Material provided:
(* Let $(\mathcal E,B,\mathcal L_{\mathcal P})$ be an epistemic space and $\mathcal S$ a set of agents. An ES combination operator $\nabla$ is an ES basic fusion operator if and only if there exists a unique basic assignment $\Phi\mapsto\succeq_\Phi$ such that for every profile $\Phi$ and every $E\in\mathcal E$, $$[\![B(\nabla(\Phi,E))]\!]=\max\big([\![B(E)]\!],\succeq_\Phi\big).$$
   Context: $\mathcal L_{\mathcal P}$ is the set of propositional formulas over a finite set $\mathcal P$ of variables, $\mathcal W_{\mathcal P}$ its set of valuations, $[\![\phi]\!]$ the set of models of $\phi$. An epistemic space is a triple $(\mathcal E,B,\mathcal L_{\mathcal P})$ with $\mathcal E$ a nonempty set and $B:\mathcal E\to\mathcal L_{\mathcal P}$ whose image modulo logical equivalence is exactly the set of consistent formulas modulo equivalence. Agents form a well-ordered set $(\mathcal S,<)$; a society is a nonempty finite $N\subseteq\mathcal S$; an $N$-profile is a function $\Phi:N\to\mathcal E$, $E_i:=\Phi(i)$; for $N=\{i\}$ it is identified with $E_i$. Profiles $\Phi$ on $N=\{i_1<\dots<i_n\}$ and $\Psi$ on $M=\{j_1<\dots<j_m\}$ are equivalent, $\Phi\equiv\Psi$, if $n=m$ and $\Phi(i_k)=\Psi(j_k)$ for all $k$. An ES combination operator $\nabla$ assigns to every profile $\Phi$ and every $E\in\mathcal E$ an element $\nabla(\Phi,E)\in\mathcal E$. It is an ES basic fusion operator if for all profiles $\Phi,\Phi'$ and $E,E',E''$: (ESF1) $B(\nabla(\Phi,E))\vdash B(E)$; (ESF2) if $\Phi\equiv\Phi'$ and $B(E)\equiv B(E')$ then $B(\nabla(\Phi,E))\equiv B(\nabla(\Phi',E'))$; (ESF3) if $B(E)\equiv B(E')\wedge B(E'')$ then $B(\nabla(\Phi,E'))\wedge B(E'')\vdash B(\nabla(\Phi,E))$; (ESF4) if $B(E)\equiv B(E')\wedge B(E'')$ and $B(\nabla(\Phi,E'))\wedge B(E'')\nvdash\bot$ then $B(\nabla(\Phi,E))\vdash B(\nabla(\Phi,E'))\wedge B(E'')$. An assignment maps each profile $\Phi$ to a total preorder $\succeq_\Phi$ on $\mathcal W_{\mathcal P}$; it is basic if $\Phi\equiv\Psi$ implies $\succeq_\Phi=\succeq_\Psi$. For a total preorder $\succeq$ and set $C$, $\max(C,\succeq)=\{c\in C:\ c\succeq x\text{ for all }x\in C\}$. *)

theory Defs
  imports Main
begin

Problem requirements: Your task is to reproduce each entry exactly.

Response to this exercise:
(* Let $(\mathcal E,B,\mathcal L_{\mathcal P})$ be an epistemic space and $\mathcal S$ a set of agents. An ES combination operator $\nabla$ is an ES basic fusion operator if and only if there exists a unique basic assignment $\Phi\mapsto\succeq_\Phi$ such that for every profile $\Phi$ and every $E\in\mathcal E$, $$[\![B(\nabla(\Phi,E))]\!]=\max\big([\![B(E)]\!],\succeq_\Phi\big).$$
   Context: $\mathcal L_{\mathcal P}$ is the set of propositional formulas over a finite set $\mathcal P$ of variables, $\mathcal W_{\mathcal P}$ its set of valuations, $[\![\phi]\!]$ the set of models of $\phi$. An epistemic space is a triple $(\mathcal E,B,\mathcal L_{\mathcal P})$ with $\mathcal E$ a nonempty set and $B:\mathcal E\to\mathcal L_{\mathcal P}$ whose image modulo logical equivalence is exactly the set of consistent formulas modulo equivalence. Agents form a well-ordered set $(\mathcal S,<)$; a society is a nonempty finite $N\subseteq\mathcal S$; an $N$-profile is a function $\Phi:N\to\mathcal E$, $E_i:=\Phi(i)$; for $N=\{i\}$ it is identified with $E_i$. Profiles $\Phi$ on $N=\{i_1<\dots<i_n\}$ and $\Psi$ on $M=\{j_1<\dots<j_m\}$ are equivalent, $\Phi\equiv\Psi$, if $n=m$ and $\Phi(i_k)=\Psi(j_k)$ for all $k$. An ES combination operator $\nabla$ assigns to every profile $\Phi$ and every $E\in\mathcal E$ an element $\nabla(\Phi,E)\in\mathcal E$. It is an ES basic fusion operator if for all profiles $\Phi,\Phi'$ and $E,E',E''$: (ESF1) $B(\nabla(\Phi,E))\vdash B(E)$; (ESF2) if $\Phi\equiv\Phi'$ and $B(E)\equiv B(E')$ then $B(\nabla(\Phi,E))\equiv B(\nabla(\Phi',E'))$; (ESF3) if $B(E)\equiv B(E')\wedge B(E'')$ then $B(\nabla(\Phi,E'))\wedge B(E'')\vdash B(\nabla(\Phi,E))$; (ESF4) if $B(E)\equiv B(E')\wedge B(E'')$ and $B(\nabla(\Phi,E'))\wedge B(E'')\nvdash\bot$ then $B(\nabla(\Phi,E))\vdash B(\nabla(\Phi,E'))\wedge B(E'')$. An assignment maps each profile $\Phi$ to a total preorder $\succeq_\Phi$ on $\mathcal W_{\mathcal P}$; it is basic if $\Phi\equiv\Psi$ implies $\succeq_\Phi=\succeq_\Psi$. For a total preorder $\succeq$ and set $C$, $\max(C,\succeq)=\{c\in C:\ c\succeq x\text{ for all }x\in C\}$. *)

theory Defs
  imports Main
begin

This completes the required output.